TUNEL assay, IF and IHC
Ovarian sections processed with the DeadEnd Fluorometric TUNEL System kit (G3250, Promega Co.) to detect and quantify apoptotic cells, per the manufacturers’ protocol. Ovarian sections were used for TUNEL staining after fixing in formaldehyde. The detailed methods for IF and IHC have been described previously (Kim et al. 2013, 2015). MSY2 antibody (1: 2000) was a gift from Dr Schultz, RM, University of Pennsylvania.
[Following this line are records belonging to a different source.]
theorem hermitian_orthonormal_eigenbasis:
  assumes "hermitian (A :: complex^'n^'n)"
  shows "\<exists>B. orthonormal_basis B \<and> (\<forall>b\<in>B. \<exists>l::real. A *v b = l *\<^sub>R b)"
proof -
  have "\<exists>B'. orthonormal_basis B' \<and> (\<forall>b\<in>B'. \<exists>l::real. A *v b = l *\<^sub>R b)"
    if "orthonormal_eigenvectors A B" for B
    using that
  proof (induction "DIM(complex^'n) - card B" arbitrary: B rule: less_induct)
    case (less B)
    show ?case
    proof (cases "\<forall>x. (\<Sum>b\<in>B. cinner b x *s b) = x")
      case True
      then show ?thesis
        using less.prems by (auto simp: orthonormal_basis_def orthonormal_eigenvectors_def)
    next
      case False
      then obtain v where v: "v \<notin> B" "orthonormal_eigenvectors A (insert v B)"
        using orthonormal_eigenvectors_extend[OF assms less.prems] by blast
      have "finite B" "card (insert v B) \<le> DIM(complex^'n)"
        using v(2) less.prems orthonormal_finite_card by (auto simp: orthonormal_eigenvectors_def)
      then have "DIM(complex^'n) - card (insert v B) < DIM(complex^'n) - card B"
        using v(1) by simp
      then show ?thesis
        using less.hyps v(2) by blast
    qed
  qed
  moreover have "orthonormal_eigenvectors A {}"
    by (simp add: orthonormal_eigenvectors_def orthonormal_def)
  ultimately show ?thesis
    by blast
qed

definition diag_op :: "(complex^'n) set \<Rightarrow> (complex^'n \<Rightarrow> real) \<Rightarrow> complex^'n^'n" where
  "diag_op B r = (\<Sum>b\<in>B. r b *\<^sub>R ket_bra b b)"

lemma diag_op_mult_vector: "diag_op B r *v x = (\<Sum>b\<in>B. (of_real (r b) * cinner b x) *s b)"
  by (simp add: diag_op_def matrix_vector_mult_sum_left matrix_vector_mult_scaleR_left
      ket_bra_mult_vector scaleR_vec_eq_smult vector_smult_assoc)

lemma diag_op_mult_basis:
  assumes "orthonormal B" "finite B" "c \<in> B"
  shows "diag_op B r *v c = r c *\<^sub>R c"
proof -
  have "diag_op B r *v c = (\<Sum>b\<in>B. if b = c then r c *\<^sub>R c else 0)"
    unfolding diag_op_mult_vector using assms
    by (intro sum.cong) (auto simp: orthonormal_def scaleR_vec_eq_smult)
  then show ?thesis
    using assms by simp
qed

lemma hermitian_diag_op: "hermitian (diag_op B r)"
  unfolding diag_op_def by (simp add: hermitian_sum_scaleR hermitian_ket_bra)

lemma trace_mult_diag_op: "trace (C ** diag_op B r) = (\<Sum>b\<in>B. of_real (r b) * cinner b (C *v b))"
  by (simp add: diag_op_def matrix_mult_sum_right matrix_mult_scaleR_right trace_sum trace_scaleR
      trace_mult_ket_bra)

lemma trace_diag_op: "orthonormal B \<Longrightarrow> trace (diag_op B r) = of_real (\<Sum>b\<in>B. r b)"
  using trace_mult_diag_op[of "mat 1" B r] by (simp add: orthonormal_def)

lemma psd_diag_op:
  assumes "orthonormal B" "\<And>b. b \<in> B \<Longrightarrow> 0 \<le> r b"
  shows "psd (diag_op B r)"
  unfolding psd_def
proof (intro conjI allI hermitian_diag_op)
  fix x
  have "cinner x (diag_op B r *v x) = of_real (\<Sum>b\<in>B. r b * (cmod (cinner b x))\<^sup>2)"
    unfolding diag_op_mult_vector cinner_sum_right of_real_sum
    by (intro sum.cong refl)
      (simp add: cinner_smult_right cinner_commute[of x] complex_norm_square mult.assoc del: of_real_power)
  then show "0 \<le> Re (cinner x (diag_op B r *v x))"
    using assms(2) by (simp add: sum_nonneg)
qed

lemma norm_diag_op_mult_vector_le:
  assumes B: "orthonormal_basis B" and r: "\<And>b. b \<in> B \<Longrightarrow> \<bar>r b\<bar> \<le> 1"
  shows "norm (diag_op B r *v x) \<le> norm x"
proof -
  have "(norm (diag_op B r *v x))\<^sup>2 = (\<Sum>b\<in>B. (\<bar>r b\<bar> * cmod (cinner b x))\<^sup>2)"
    using B unfolding diag_op_mult_vector orthonormal_basis_def
    by (simp add: norm_orthonormal_sum_squared norm_mult)
  also have "\<dots> \<le> (\<Sum>b\<in>B. (cmod (cinner b x))\<^sup>2)"
    using r by (intro sum_mono power_mono) (auto simp: mult_left_le_one_le)
  also have "\<dots> = (norm x)\<^sup>2"
    using B by (simp add: orthonormal_basis_parseval)
  finally show ?thesis
    by (simp add: power2_le_iff_abs_le)
qed

lemma hermitian_spectral_decomposition:
  assumes "hermitian (A :: complex^'n^'n)"
  shows "\<exists>B r. orthonormal_basis B \<and> A = diag_op B r"
proof -
  obtain B where B: "orthonormal_basis B" and "\<forall>b\<in>B. \<exists>l::real. A *v b = l *\<^sub>R b"
    using hermitian_orthonormal_eigenbasis[OF assms] by blast
  then obtain r where r: "\<And>b. b \<in> B \<Longrightarrow> A *v b = r b *\<^sub>R b"
    by metis
  have "A = diag_op B r"
    using B by (intro matrix_eq_on_orthonormal_basis[OF B])
      (simp add: r diag_op_mult_basis orthonormal_basis_def)
  with B show ?thesis
    by blast
qed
The DAB Peroxidase Substrate Kit (SK-4100, Vector Laboratories, Burlingame, CA, USA) was used for IHC. The TSA Plus Fluorescein System Kit (NEL741001KT, PerkinElmer, Inc.) was used for IF. The catalog numbers and sources of primary antibodies were as follows: Ki67 (ab833-500, 1:100) from Abcam; p-H3 (3377S, 1:50), γH2AX (9718s, 1:100), phospho-p63 (4981s, 1:50), cleaved PARP (9548s, 1;100), phospho-ATR (2853T, 1:50), phospho-CHK1 (12302T, 1:50), phospho-CHK2 (2197S, 1:50) and phospho-AKT (9271s, 1:50) from Cell Signaling; phospho-ATM (05-740, 1:50) from Millipore and Bax (P-19) (sc-526, 1:50) from Santa Cruz Biotechnology, Inc. For counting Ki67-positive cells, ovarian sections were used for IF assay with Ki67, and then 20× images were taken of each sample. Four non-overlapping images were randomly taken per each ovarian section and used for counting all Ki67-positive cells.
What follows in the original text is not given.